Assembly by Natasha Brown – Book
This little book, Assembly by Natasha Brown, packs a big wallop. Our narrator is unnamed, but we get to be inside her head. She is a Black woman living in London, a British citizen who White Brits still see as an interloper, a colonial intruder, easy to focus on as a person of color who cannot hide in the whiteness that Britain feels is its historical identity.
Our brilliant and disciplined lady had worked her way up from the bottom at her bank to a corner office, although she has to share it with a White contender who management does not want to slight. What has our winner had to give up to get here? She repeats the word “assimilation,” not with approval. She lives in a world of White folks now and there is money, security, savings, a fine apartment, the White boyfriend, son of a wealthy and famous politician. Her boyfriend intends to follow in his father’s footsteps. He mentions Bill DeBlasio whose Black wife probably helped him get elected in NYC. She, his Black girlfriend will be an asset.
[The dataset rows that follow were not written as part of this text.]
lemma abs_mcomb_integral_le:
  assumes "mcomb_on M L" "bounded_measurable M f" "\<And>x. x \<in> space M \<Longrightarrow> \<bar>f x\<bar> \<le> K"
  shows "\<bar>mcomb_integral L f\<bar> \<le> K * mcomb_mass L"
  using assms(1)
proof (induction L)
  case (Cons p L)
  obtain c m where p: "p = (c, m)"
    by fastforce
  interpret finite_measure m
    using Cons.prems by (simp add: p)
  have space: "space m = space M"
    using Cons.prems sets_eq_imp_space_eq[of m M] by (simp add: p)
  have f: "integrable m f"
    using Cons.prems assms(2) by (auto simp: p intro: bounded_measurable_integrable)
  have "\<bar>integral\<^sup>L m f\<bar> \<le> (\<integral>x. \<bar>f x\<bar> \<partial>m)"
    using integral_norm_bound[of m f] by simp
  also have "\<dots> \<le> (\<integral>x. K \<partial>m)"
    using f assms(3) by (intro integral_mono) (auto simp: space)
  finally have "\<bar>integral\<^sup>L m f\<bar> \<le> K * measure m (space m)"
    by (simp add: mult.commute)
  then have "\<bar>c * integral\<^sup>L m f\<bar> \<le> \<bar>c\<bar> * (K * measure m (space m))"
    unfolding abs_mult by (rule mult_left_mono) simp
  then have "\<bar>c * integral\<^sup>L m f\<bar> \<le> K * (\<bar>c\<bar> * measure m (space m))"
    by (simp add: mult.left_commute)
  with Cons show ?case
    by (auto simp: p algebra_simps intro!: order_trans[OF abs_triangle_ineq] add_mono)
qed simp

lemma mcomb_integral_tendsto:
  assumes L: "mcomb_on M L" and s: "\<And>j. s j \<in> borel_measurable M" and f: "f \<in> borel_measurable M"
    and bound: "\<And>j x. x \<in> space M \<Longrightarrow> \<bar>s j x\<bar> \<le> K"
    and lim: "\<And>x. x \<in> space M \<Longrightarrow> (\<lambda>j. s j x) \<longlonglongrightarrow> f x"
  shows "(\<lambda>j. mcomb_integral L (s j)) \<longlonglongrightarrow> mcomb_integral L f"
  using L
proof (induction L)
  case (Cons p L)
  obtain c m where p: "p = (c, m)"
    by fastforce
  interpret finite_measure m
    using Cons.prems by (simp add: p)
  have sets: "sets m = sets M"
    using Cons.prems by (simp add: p)
  have space: "space m = space M"
    using sets by (rule sets_eq_imp_space_eq)
  have "f \<in> borel_measurable m" "s j \<in> borel_measurable m" for j
    using f s by (simp_all add: measurable_cong_sets[OF sets refl])
  then have "(\<lambda>j. integral\<^sup>L m (s j)) \<longlonglongrightarrow> integral\<^sup>L m f"
    using bound lim by (intro integral_dominated_convergence[where w="\<lambda>_. K"]) (auto simp: space)
  with Cons show ?case
    by (auto simp: p intro: tendsto_add tendsto_mult_left)
qed simp

lemma abs_floor_mult_divide_le:
  fixes k y :: real
  assumes "k > 0"
  shows "\<bar>real_of_int \<lfloor>k * y\<rfloor> / k - y\<bar> \<le> 1 / k"
proof -
  have "real_of_int \<lfloor>k * y\<rfloor> / k \<le> y"
    using assms by (simp add: divide_le_eq mult.commute)
  moreover have "(k * y - 1) / k \<le> real_of_int \<lfloor>k * y\<rfloor> / k"
    using assms by (intro divide_right_mono) linarith+
  moreover have "(k * y - 1) / k = y - 1 / k"
    using assms by (simp add: field_simps)
  ultimately show ?thesis
    by (simp add: abs_le_iff)
qed

lemma integral_floor_mult_divide:
  fixes f :: "'a \<Rightarrow> real"
  assumes "finite_measure m" "sets m = sets M"
    and f[measurable]: "f \<in> borel_measurable M" and K: "\<And>x. x \<in> space M \<Longrightarrow> \<bar>f x\<bar> \<le> K"
    and k: "k > 0"
  defines "N \<equiv> \<lceil>k * K\<rceil> + 1"
  shows "integral\<^sup>L m (\<lambda>x. real_of_int \<lfloor>k * f x\<rfloor> / k)
    = (\<Sum>z\<in>{-N..N}. real_of_int z / k * measure m {x\<in>space M. \<lfloor>k * f x\<rfloor> = z})"
proof -
  interpret finite_measure m
    by fact
  define A where "A z = {x\<in>space M. \<lfloor>k * f x\<rfloor> = z}" for z
  have A: "A z \<in> sets m" for z
    using assms(2) unfolding A_def by measurable
  have range: "\<lfloor>k * f x\<rfloor> \<in> {-N..N}" if "x \<in> space M" for x
  proof -
    have "\<bar>k * f x\<bar> \<le> k * K"
      using K[OF that] k by (simp add: abs_mult mult_left_mono)
    then show ?thesis
      unfolding N_def by (simp add: abs_le_iff) linarith
  qed
  then have "real_of_int \<lfloor>k * f x\<rfloor> / k = (\<Sum>z\<in>{-N..N}. real_of_int z / k * indicator (A z) x)"
    if "x \<in> space m" for x
  proof -
    have x: "x \<in> space M"
      using that sets_eq_imp_space_eq[OF assms(2)] by simp
    then have "(\<Sum>z\<in>{-N..N}. real_of_int z / k * indicator (A z) x)
        = (\<Sum>z\<in>{-N..N}. if \<lfloor>k * f x\<rfloor> = z then real_of_int z / k else 0)"
      by (intro sum.cong) (auto simp: A_def indicator_def)
    also have "\<dots> = real_of_int \<lfloor>k * f x\<rfloor> / k"
      using range[OF x] by (simp add: sum.delta)
    finally show ?thesis
      by simp
  qed
  then have "integral\<^sup>L m (\<lambda>x. real_of_int \<lfloor>k * f x\<rfloor> / k)
      = integral\<^sup>L m (\<lambda>x. \<Sum>z\<in>{-N..N}. real_of_int z / k * indicator (A z) x)"
    by (rule Bochner_Integration.integral_cong[OF refl])
  also have "\<dots> = (\<Sum>z\<in>{-N..N}. real_of_int z / k * measure m (A z))"
    using A by (simp add: Bochner_Integration.integral_sum emeasure_eq_measure)
  finally show ?thesis
    by (simp add: A_def)
qed

lemma mcomb_integral_floor_mult_divide:
  fixes f :: "'a \<Rightarrow> real"
  assumes L: "mcomb_on M L" and f: "f \<in> borel_measurable M" "\<And>x. x \<in> space M \<Longrightarrow> \<bar>f x\<bar> \<le> K"
    and k: "k > 0"
  defines "N \<equiv> \<lceil>k * K\<rceil> + 1"
  shows "mcomb_integral L (\<lambda>x. real_of_int \<lfloor>k * f x\<rfloor> / k)
    = (\<Sum>z\<in>{-N..N}. real_of_int z / k * mcomb_measure L {x\<in>space M. \<lfloor>k * f x\<rfloor> = z})"
  using L
proof (induction L)
  case (Cons p L)
  obtain c m where p: "p = (c, m)"
    by fastforce
  have "integral\<^sup>L m (\<lambda>x. real_of_int \<lfloor>k * f x\<rfloor> / k)
    = (\<Sum>z\<in>{-N..N}. real_of_int z / k * measure m {x\<in>space M. \<lfloor>k * f x\<rfloor> = z})"
    unfolding N_def using Cons.prems f k by (intro integral_floor_mult_divide) (auto simp: p)
  with Cons show ?case
    by (simp add: p sum_distrib_left sum.distrib algebra_simps)
qed simp

text \<open>On the step functions \<open>\<lfloor>k f\<rfloor> / k\<close> the integral is a combination of values on sets,
  and they converge boundedly to \<open>f\<close>.\<close>
lemma mcomb_integral_eq_0:
  fixes f :: "'a \<Rightarrow> real"
  assumes L: "mcomb_on M L" and zero: "\<And>A. A \<in> sets M \<Longrightarrow> mcomb_measure L A = 0"
    and f: "bounded_measurable M f"
  shows "mcomb_integral L f = 0"
proof -
  obtain K where f_meas[measurable]: "f \<in> borel_measurable M" and K: "\<And>x. x \<in> space M \<Longrightarrow> \<bar>f x\<bar> \<le> K"
    using f by (auto simp: bounded_measurable_def)
  define s where "s j x = real_of_int \<lfloor>real (Suc j) * f x\<rfloor> / real (Suc j)" for j x
  have s_close: "\<bar>s j x - f x\<bar> \<le> 1 / real (Suc j)" for j x
    unfolding s_def by (rule abs_floor_mult_divide_le) simp
  have "(\<lambda>j. mcomb_integral L (s j)) \<longlonglongrightarrow> mcomb_integral L f"
  proof (rule mcomb_integral_tendsto[OF L _ f_meas])
    show "s j \<in> borel_measurable M" for j
      unfolding s_def by measurable
    show "\<bar>s j x\<bar> \<le> K + 1" if "x \<in> space M" for j x
    proof -
      have "1 / real (Suc j) \<le> 1"
        by simp
      then show ?thesis
        using s_close[of j x] K[OF that] by linarith
    qed
    show "(\<lambda>j. s j x) \<longlonglongrightarrow> f x" for x
    proof -
      have "(\<lambda>j. s j x - f x) \<longlonglongrightarrow> 0"
        using s_close by (intro Lim_null_comparison[OF _ LIMSEQ_Suc[OF lim_const_over_n[of 1]]]) simp
      then show ?thesis
        by (simp add: LIM_zero_iff)
    qed
  qed
  moreover have "mcomb_integral L (s j) = 0" for j
  proof -
    have "{x\<in>space M. \<lfloor>real (Suc j) * f x\<rfloor> = z} \<in> sets M" for z
      by measurable
    then show ?thesis
      unfolding s_def using mcomb_integral_floor_mult_divide[OF L f_meas K, of "real (Suc j)"] zero
      by simp
  qed
  ultimately have "(\<lambda>j. 0) \<longlonglongrightarrow> mcomb_integral L f"
    by simp
  then show ?thesis
    by (simp add: LIMSEQ_const_iff)
qed

definition mcomb_density :: "('a \<Rightarrow> real) \<Rightarrow> 'a measure_comb \<Rightarrow> 'a measure_comb" where
  "mcomb_density \<psi> L = map (\<lambda>(c, m). (c, density m (\<lambda>x. ennreal (\<psi> x)))) L"

lemma finite_measure_density_bounded:
  assumes "finite_measure m" "sets m = sets M" "bounded_measurable M \<psi>" "\<And>x. 0 \<le> \<psi> x"
  shows "finite_measure (density m (\<lambda>x. ennreal (\<psi> x)))"
proof (rule finite_measureI)
  interpret finite_measure m
    by fact
  have "\<psi> \<in> borel_measurable M"
    using assms(3) by (simp add: bounded_measurable_def)
  then have \<psi>: "\<psi> \<in> borel_measurable m"
    unfolding measurable_cong_sets[OF assms(2) refl] .
  have "emeasure (density m (\<lambda>x. ennreal (\<psi> x))) (space m) = (\<integral>\<^sup>+x. ennreal (\<psi> x) * indicator (space m) x \<partial>m)"
    using \<psi> by (simp add: emeasure_density)
  also have "\<dots> = (\<integral>\<^sup>+x. ennreal (\<psi> x) \<partial>m)"
    by (rule nn_integral_cong) simp
  also have "\<dots> = ennreal (\<integral>x. \<psi> x \<partial>m)"
    using assms by (intro nn_integral_eq_integral bounded_measurable_integrable) auto
  finally show "emeasure (density m (\<lambda>x. ennreal (\<psi> x))) (space (density m (\<lambda>x. ennreal (\<psi> x)))) \<noteq> \<infinity>"
    by simp
qed

lemma mcomb_on_density:
  assumes "mcomb_on M L" "bounded_measurable M \<psi>" "\<And>x. 0 \<le> \<psi> x"
  shows "mcomb_on M (mcomb_density \<psi> L)"
  using assms(1) unfolding mcomb_on_def mcomb_density_def
  by (auto intro: finite_measure_density_bounded[OF _ _ assms(2,3)])

lemma mcomb_integral_density:
  assumes "mcomb_on M L" "\<psi> \<in> borel_measurable M" "\<And>x. 0 \<le> \<psi> x" "g \<in> borel_measurable M"
  shows "mcomb_integral (mcomb_density \<psi> L) g = mcomb_integral L (\<lambda>x. \<psi> x * g x)"
  using assms(1)
proof (induction L)
  case (Cons p L)
  obtain c m where p: "p = (c, m)"
    by fastforce
  have "sets m = sets M"
    using Cons.prems by (simp add: p)
  then have "\<psi> \<in> borel_measurable m" "g \<in> borel_measurable m"
    using assms(2,4) unfolding measurable_cong_sets[OF \<open>sets m = sets M\<close> refl] by auto
  then have "(\<integral>x. g x \<partial>density m (\<lambda>x. ennreal (\<psi> x))) = (\<integral>x. \<psi> x * g x \<partial>m)"
    using assms(3) by (intro integral_real_density) simp_all
  with Cons show ?case
    by (simp add: p mcomb_density_def)
qed (simp add: mcomb_density_def)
She has been invited to come for the weekend to the family pile and to attend a party. So many wins in her life, but she is empty – cannot help feeling that her choice doesn’t fit her, doesn’t feed her soul (although, there is no talk of souls).
She is in hostile territory, judged by those who felt they deserved the win, that she was promoted only to help the bank appear diverse, a woman, a Black woman. She, on the other hand, feels no closeness, no warmth in her working life. Her coworkers at this level are mostly middle-aged White men with pallid skin and flabby bodies.
Even her personal life seems bleak and lonely. When she arrives at her boyfriend’s house, she is greeted warmly, but in the morning, when the mother and daughter are at work in the kitchen helping the caterers, the mother doesn’t include her in the camaraderie of the kitchen or give her a little job to do, instead she sends her off on a walk.
She, our narrator, observes her life; she doesn’t inhabit it. Her description of her potential mother-in-law chewing a piece of toast is mechanical, anatomical, and extremely unflattering. It reveals her position as an outsider. This is not just a class phenomenon, it’s about race.
Women who move up the career chain can relate to the loneliness of succeeding in a male world, but they do not have the added set of negative cultural experiences that Black people, and especially Black women, share as a sad legacy of past White cultural crimes. Our narrator has another challenge and how she is planning to deal with it is possibly tied into her fear that the winning may, in fact, be losing – a dynamic she chose, without realizing how empty it would make her feel. Terrible to think that our culture cannot find a warm place even when a Black person succeeds on terms White people define.
The style and flow of the prose in Assembly, the lack of prose structure, is part of this little book’s power. We need your voice, Natasha Brown, and your talent.